_To do_:
State the number of lines in the material below that have "invS" in them, without any other text.

_Data to examine_:
------------------------------------------------

lemma num_reduced_cycles_cycle_adj_eq_int_adj:
  assumes "0 < m" "m < n"
  shows "num_reduced_cycles (cycle_adj n) 0 m = num_reduced_cycles int_adj 0 m"
  using assms reduced_cycles_cycle_adj_empty[of m n] reduced_cycles_int_adj_empty[of m]
  by (simp add: num_reduced_cycles_def)

lemma ihara_zeta_int_adj: "ihara_zeta int_adj 0 u = 1"
  using reduced_cycles_int_adj_empty by (simp add: ihara_zeta_def num_reduced_cycles_def)

lemma ihara_zeta_tendsto:
  fixes G :: "nat \<Rightarrow> 'a \<Rightarrow> 'a \<Rightarrow> bool" and x :: "nat \<Rightarrow> 'a"
    and H :: "'b \<Rightarrow> 'b \<Rightarrow> bool" and y :: 'b and u :: complex
  assumes u: "norm u < 1"
    and bounded: "\<And>n m. 0 < m \<Longrightarrow> num_reduced_cycles (G n) (x n) m \<le> C"
    and counts_agree: "\<And>m. 0 < m \<Longrightarrow>
      eventually (\<lambda>n. num_reduced_cycles (G n) (x n) m = num_reduced_cycles H y m) sequentially"
  shows "(\<lambda>n. ihara_zeta (G n) (x n) u) \<longlonglongrightarrow> ihara_zeta H y u"
proof -
  define a where
    "a k n = of_nat (num_reduced_cycles (G n) (x n) (Suc k)) / of_nat (Suc k) * u ^ Suc k" for k n
  define b where "b k = of_nat (num_reduced_cycles H y (Suc k)) / of_nat (Suc k) * u ^ Suc k" for k
  have "(\<lambda>n. \<Sum>k. a k n) \<longlonglongrightarrow> (\<Sum>k. b k)"
  proof (rule tannerys_theorem[THEN conjunct2, THEN conjunct2])
    show "(\<lambda>n. a k n) \<longlonglongrightarrow> b k" for k
      by (rule tendsto_eventually)
         (use counts_agree[of "Suc k"] in \<open>auto simp: a_def b_def elim: eventually_mono\<close>)
    have "norm (a k n) \<le> real C * norm u ^ Suc k" for k n
    proof -
      have "norm (a k n)
          = real (num_reduced_cycles (G n) (x n) (Suc k)) / real (Suc k) * norm u ^ Suc k"
        unfolding a_def by (simp add: norm_mult norm_divide norm_power del: of_nat_Suc)
      also have "\<dots> \<le> real C / 1 * norm u ^ Suc k"
        by (intro mult_right_mono frac_le) (use bounded[of "Suc k" n] in auto)
      finally show ?thesis by simp
    qed
    then show "eventually (\<lambda>(k, n). norm (a k n) \<le> real C * norm u ^ Suc k)
        (at_top \<times>\<^sub>F sequentially)"
      by (simp add: always_eventually)
    show "summable (\<lambda>k. real C * norm u ^ Suc k)"
      using u by (intro summable_mult summable_Suc_iff[THEN iffD2]) simp
  qed simp
  then show ?thesis
    unfolding ihara_zeta_def a_def b_def by (rule tendsto_exp)
qed
(* For every integer $d\geq 1$, $\alpha_{\mathbb{R}}^\ast(d) = \alpha_{\mathbb{R}}(d)$, i.e. \[ \max_{ \substack{D\in\mathbb{R}^{d\times d} \text{ diagonal},\ D \succeq 0,\ \|D\|_F^2 = d } }\mathbb{E}\left[ \frac1d\sum_{k=1}^d\sigma_k(GD)\right] = \mathbb{E}\left[ \frac1d\sum_{k=1}^d\sigma_k(G)\right], \] where $G\in\mathbb{R}^{d\times d}$ has i.i.d. real $\mathcal{N}\left(0,\frac1d\right)$ entries.
   Context: $\sigma_k(A)$ denotes the $k$-th singular value of $A$. $\alpha_{\mathbb{R}}(d)=\mathbb{E}\left[\frac1d\sum_{k=1}^d\sigma_k(G)\right]$ and $\alpha^\ast_{\mathbb{R}}(d)$ is the maximum on the left-hand side, over nonnegative diagonal $D$ with $\|D\|_F^2=d$. *)

theory Defs
  imports "HOL-Analysis.Analysis" "HOL-Probability.Probability" "HOL-Library.Multiset"
begin

definition diag_mat :: "real^'n \<Rightarrow> real^'n^'n" where
  "diag_mat s = (\<chi> i j. if i = j then s $ i else 0)"

definition singular_values :: "real^'n^'n \<Rightarrow> real multiset" where
  "singular_values A = (THE M. \<exists>U V s. orthogonal_matrix U \<and> orthogonal_matrix V \<and>
      (\<forall>i. s $ i \<ge> 0) \<and> A = U ** diag_mat s ** transpose V \<and>
      M = image_mset (\<lambda>i. s $ i) (mset_set UNIV))"

text \<open>sigma A k: the k-th largest singular value (k = 1, ..., d).\<close>
definition sigma :: "real^'n^'n \<Rightarrow> nat \<Rightarrow> real" where
  "sigma A k = rev (sorted_list_of_multiset (singular_values A)) ! (k - 1)"

text \<open>Law of a d x d matrix G with i.i.d. N(0, 1/d) entries, d = CARD('n).\<close>
definition gauss_mat :: "(real^'n^'n) measure" where
  "gauss_mat = density lborel (\<lambda>G. ennreal (\<Prod>i\<in>UNIV. \<Prod>j\<in>UNIV.
      normal_density 0 (1 / sqrt (real CARD('n))) (G $ i $ j)))"

definition alpha_R :: "'n::finite itself \<Rightarrow> real" where
  "alpha_R _ = (\<integral>G. (1 / real CARD('n)) * (\<Sum>k=1..CARD('n). sigma (G :: real^'n^'n) k) \<partial>gauss_mat)"

definition admissible_D :: "real^'n^'n \<Rightarrow> bool" where
  "admissible_D D \<longleftrightarrow> (\<forall>i j. i \<noteq> j \<longrightarrow> D $ i $ j = 0) \<and> (\<forall>i. D $ i $ i \<ge> 0) \<and>
      (\<Sum>i\<in>UNIV. \<Sum>j\<in>UNIV. (D $ i $ j)\<^sup>2) = real CARD('n)"

definition alpha_R_star :: "'n::finite itself \<Rightarrow> real" where
  "alpha_R_star _ = (GREATEST v. \<exists>D :: real^'n^'n. admissible_D D \<and>
      v = (\<integral>G. (1 / real CARD('n)) * (\<Sum>k=1..CARD('n). sigma (G ** D) k) \<partial>gauss_mat))"

end

theory Submission
  imports Defs "HOL-Number_Theory.Cong"
begin

(* For an orthogonal W, trace (W M) is at most the sum ||M||_* of the singular values of M,
   with equality for a suitable W. Writing G = U S V^T and taking W optimal for G D with
   D = diag t, the AM-GM inequality applied to each term of trace (W G D) gives
     ||G D||_* <= (sum_i s_i + sum_j t_j^2 sum_i s_i V_ji^2) / 2.
   Summing over the cyclic shifts D_k of the diagonal of D (a Latin square on the column
   indices) replaces every t_j^2 by its mean ||D||_F^2 / d = 1, and the columns of V are unit
   vectors, so sum_k ||G D_k||_* <= d ||G||_* pointwise. As G D_k = (G P_k) D P_k^T for a
   permutation matrix P_k and G P_k has the same Gaussian law as G, all D_k give the same
   expectation, whence E ||G D||_* <= E ||G||_*. The identity is admissible, so it attains
   the maximum. *)

section \<open>Spectral theorem for real symmetric matrices\<close>

definition orthonormal :: "(real^'n) set \<Rightarrow> bool" where
  "orthonormal S \<longleftrightarrow> pairwise orthogonal S \<and> (\<forall>x\<in>S. norm x = 1)"

lemma orthonormal_imp_finite: "orthonormal (B :: (real^'n) set) \<Longrightarrow> finite B"
  unfolding orthonormal_def using pairwise_orthogonal_imp_finite by blast

lemma orthogonal_matrix_of_orthonormal_columns:
  fixes f :: "'n \<Rightarrow> real^'n"
  assumes "orthonormal B" "inj f" "range f \<subseteq> B"
  shows "orthogonal_matrix (\<chi> i j. f j $ i)"
proof -
  have col: "column j (\<chi> i j. f j $ i) = f j" for j
    by (simp add: column_def vec_eq_iff)
  show ?thesis
    unfolding orthogonal_matrix_orthonormal_columns col
    using assms unfolding orthonormal_def pairwise_def inj_def by blast
qed

lemma symmetric_matrix_inner_commute:
  fixes A :: "real^'n^'n"
  assumes "transpose A = A"
  shows "x \<bullet> (A *v y) = (A *v x) \<bullet> y"
  by (metis assms dot_lmul_matrix vector_transpose_matrix)

lemma linear_le_quadratic_imp_zero:
  fixes c K :: real
  assumes "\<And>t. 2 * t * c \<le> t\<^sup>2 * K"
  shows "c = 0"
proof (rule ccontr)
  assume "c \<noteq> 0"
  define m where "m = \<bar>K\<bar> + 1"
  have "m > 0" "c * c > 0"
    using \<open>c \<noteq> 0\<close> by (auto simp: m_def zero_less_mult_iff linorder_neq_iff)
  have "2 * (c / m) * c \<le> (c / m)\<^sup>2 * K" by (rule assms)
  then have "(c * c) * (2 * m) \<le> (c * c) * K"
    using \<open>m > 0\<close> by (simp add: power2_eq_square field_simps)
  then have "2 * m \<le> K"
    using mult_le_cancel_left_pos[OF \<open>c * c > 0\<close>] by blast
  then show False by (simp add: m_def)
qed

text \<open>The Rayleigh quotient is stationary at a maximiser in every direction of the
  subspace, which forces A x to be parallel to x.\<close>

lemma rayleigh_maximiser_is_eigenvector:
  fixes A :: "real^'n^'n"
  assumes sym: "transpose A = A" and S: "subspace S"
    and invS: "\<And>y. y \<in> S \<Longrightarrow> A *v y \<in> S"
    and x: "x \<in> S" "norm x = 1"
    and max: "\<And>y. y \<in> S \<Longrightarrow> norm y = 1 \<Longrightarrow> y \<bullet> (A *v y) \<le> x \<bullet> (A *v x)"
  shows "A *v x = (x \<bullet> (A *v x)) *\<^sub>R x"
proof -
  define f where "f y = y \<bullet> (A *v y)" for y
  have xx: "x \<bullet> x = 1" using x(2) by (simp add: norm_eq_1)
  have stationary: "y \<bullet> (A *v x) = 0" if yS: "y \<in> S" and xy: "x \<bullet> y = 0" for y
  proof (rule linear_le_quadratic_imp_zero)
    fix t :: real
    define z where "z = x + t *\<^sub>R y"
    have zS: "z \<in> S" unfolding z_def using S x yS by (simp add: subspace_add subspace_scale)
    have zz: "z \<bullet> z = 1 + t\<^sup>2 * (y \<bullet> y)" unfolding z_def
      using xx xy by (simp add: inner_add_left inner_add_right inner_commute power2_eq_square)
    moreover have "t\<^sup>2 * (y \<bullet> y) \<ge> 0" by simp
    ultimately have "z \<bullet> z > 0" by linarith
    then have "f ((1 / norm z) *\<^sub>R z) \<le> f x"
      unfolding f_def using zS S by (intro max) (auto simp: subspace_scale)
    moreover have "f ((1 / norm z) *\<^sub>R z) = f z / (z \<bullet> z)"
      unfolding f_def by (simp add: matrix_vector_mult_scaleR dot_square_norm power2_eq_square)
    ultimately have "f z \<le> f x * (z \<bullet> z)" using \<open>z \<bullet> z > 0\<close> by (simp add: divide_le_eq)
    moreover have "f z = f x + 2 * t * (y \<bullet> (A *v x)) + t\<^sup>2 * f y"
      using symmetric_matrix_inner_commute[OF sym, of x y]
      unfolding f_def z_def
      by (simp add: inner_commute power2_eq_square algebra_simps)
    ultimately show "2 * t * (y \<bullet> (A *v x)) \<le> t\<^sup>2 * (f x * (y \<bullet> y) - f y)"
      using zz by (simp add: algebra_simps)
  qed
  define r where "r = A *v x - f x *\<^sub>R x"
  have "r \<in> S" unfolding r_def using S invS x by (simp add: subspace_diff subspace_scale)
  moreover have "x \<bullet> r = 0" unfolding r_def f_def using xx by (simp add: inner_diff_right)
  ultimately have "r \<bullet> (A *v x) = 0" by (rule stationary)
  moreover have "r \<bullet> r = r \<bullet> (A *v x) - f x * (r \<bullet> x)"
    unfolding r_def by (simp add: inner_diff_right)
  ultimately have "r = 0" using \<open>x \<bullet> r = 0\<close> by (simp add: inner_commute)
  then show ?thesis unfolding r_def f_def by simp
qed

lemma symmetric_matrix_eigenvector_orthogonal:
  fixes A :: "real^'n^'n" and B :: "(real^'n) set"
  assumes sym: "transpose A = A"
    and eigB: "\<And>v. v \<in> B \<Longrightarrow> \<exists>c. A *v v = c *\<^sub>R v"
    and sp: "span B \<noteq> UNIV"
  obtains x c where "norm x = 1" "\<And>v. v \<in> B \<Longrightarrow> orthogonal v x" "A *v x = c *\<^sub>R x"
proof -
  define S where "S = {y. \<forall>v\<in>B. orthogonal v y}"
  have S: "subspace S" unfolding S_def by (rule subspace_orthogonal_to_vectors)
  have invS: "A *v y \<in> S" if "y \<in> S" for y
  proof -
    have "v \<bullet> (A *v y) = 0" if "v \<in> B" for v
    proof -
      obtain c where "A *v v = c *\<^sub>R v" using eigB \<open>v \<in> B\<close> by blast
      then have "v \<bullet> (A *v y) = c * (v \<bullet> y)"
        by (simp add: symmetric_matrix_inner_commute[OF sym])
      then show ?thesis using \<open>y \<in> S\<close> \<open>v \<in> B\<close> unfolding S_def orthogonal_def by simp
    qed
    then show ?thesis unfolding S_def orthogonal_def by blast
  qed
  obtain a where "a \<noteq> 0" "\<forall>x\<in>span B. a \<bullet> x = 0"
    using span_not_UNIV_orthogonal[OF sp] by blast
  then have "a \<in> S" unfolding S_def orthogonal_def
    using span_base by (fastforce simp: inner_commute)
  define K where "K = S \<inter> sphere 0 1"
  have "(1 / norm a) *\<^sub>R a \<in> K" unfolding K_def using \<open>a \<noteq> 0\<close> \<open>a \<in> S\<close> S
    by (auto simp: subspace_scale)
  moreover have "compact K" unfolding K_def
    by (intro closed_Int_compact closed_subspace S compact_sphere)
  moreover have "continuous_on K (\<lambda>y. y \<bullet> (A *v y))"
    by (intro continuous_intros linear_continuous_on matrix_vector_mul_linear)
  ultimately obtain x where x: "x \<in> K" "\<forall>y\<in>K. y \<bullet> (A *v y) \<le> x \<bullet> (A *v x)"
    using continuous_attains_sup[of K] by blast
  then have "x \<in> S" "norm x = 1" unfolding K_def by auto
  then have "A *v x = (x \<bullet> (A *v x)) *\<^sub>R x"
    using x(2) by (intro rayleigh_maximiser_is_eigenvector[OF sym S invS]) (auto simp: K_def)
  then show ?thesis using that \<open>x \<in> S\<close> \<open>norm x = 1\<close> unfolding S_def by blast
qed

lemma orthonormal_eigenvectors_extend:
  fixes A :: "real^'n^'n" and B :: "(real^'n) set"
  assumes sym: "transpose A = A"
  shows "orthonormal B \<Longrightarrow> (\<forall>v\<in>B. \<exists>c. A *v v = c *\<^sub>R v) \<Longrightarrow>
    card B \<le> k \<Longrightarrow> k \<le> CARD('n) \<Longrightarrow>
    \<exists>B'. B \<subseteq> B' \<and> orthonormal B' \<and> (\<forall>v\<in>B'. \<exists>c. A *v v = c *\<^sub>R v) \<and> card B' = k"
proof (induction k)
  case 0
  then show ?case by auto
next
  case (Suc k)
  show ?case
  proof (cases "card B = Suc k")
    case False
    then have "card B \<le> k" using Suc.prems by simp
    then obtain B1 where B1: "B \<subseteq> B1" "orthonormal B1" "\<forall>v\<in>B1. \<exists>c. A *v v = c *\<^sub>R v"
      "card B1 = k"
      using Suc by auto
    have "finite B1" using B1(2) by (rule orthonormal_imp_finite)
    have "span B1 \<noteq> UNIV"
    proof
      assume "span B1 = UNIV"
      then have "dim (UNIV :: (real^'n) set) = dim B1" by (metis dim_span)
      also have "\<dots> \<le> k" using dim_le_card'[OF \<open>finite B1\<close>] B1(4) by simp
      finally have "CARD('n) \<le> k" by simp
      then show False using Suc.prems(4) by simp
    qed
    then obtain x where x: "norm x = 1" "\<forall>v\<in>B1. orthogonal v x" "\<exists>c. A *v x = c *\<^sub>R x"
      using symmetric_matrix_eigenvector_orthogonal[OF sym, of B1] B1(3) by metis
    have "x \<notin> B1"
    proof
      assume "x \<in> B1"
      then have "orthogonal x x" using x(2) by blast
      then show False using x(1) by (simp add: orthogonal_self)
    qed
    have "orthonormal (insert x B1)"
      using B1(2) x(1,2) unfolding orthonormal_def
      by (auto intro!: pairwise_orthogonal_insert simp: orthogonal_commute)
    moreover have "card (insert x B1) = Suc k"
      using \<open>finite B1\<close> \<open>x \<notin> B1\<close> B1(4) by simp
    ultimately show ?thesis using B1 x by (intro exI[of _ "insert x B1"]) auto
  qed (use Suc.prems in blast)
qed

------------------------------------------------

_Solution to the problem_:
4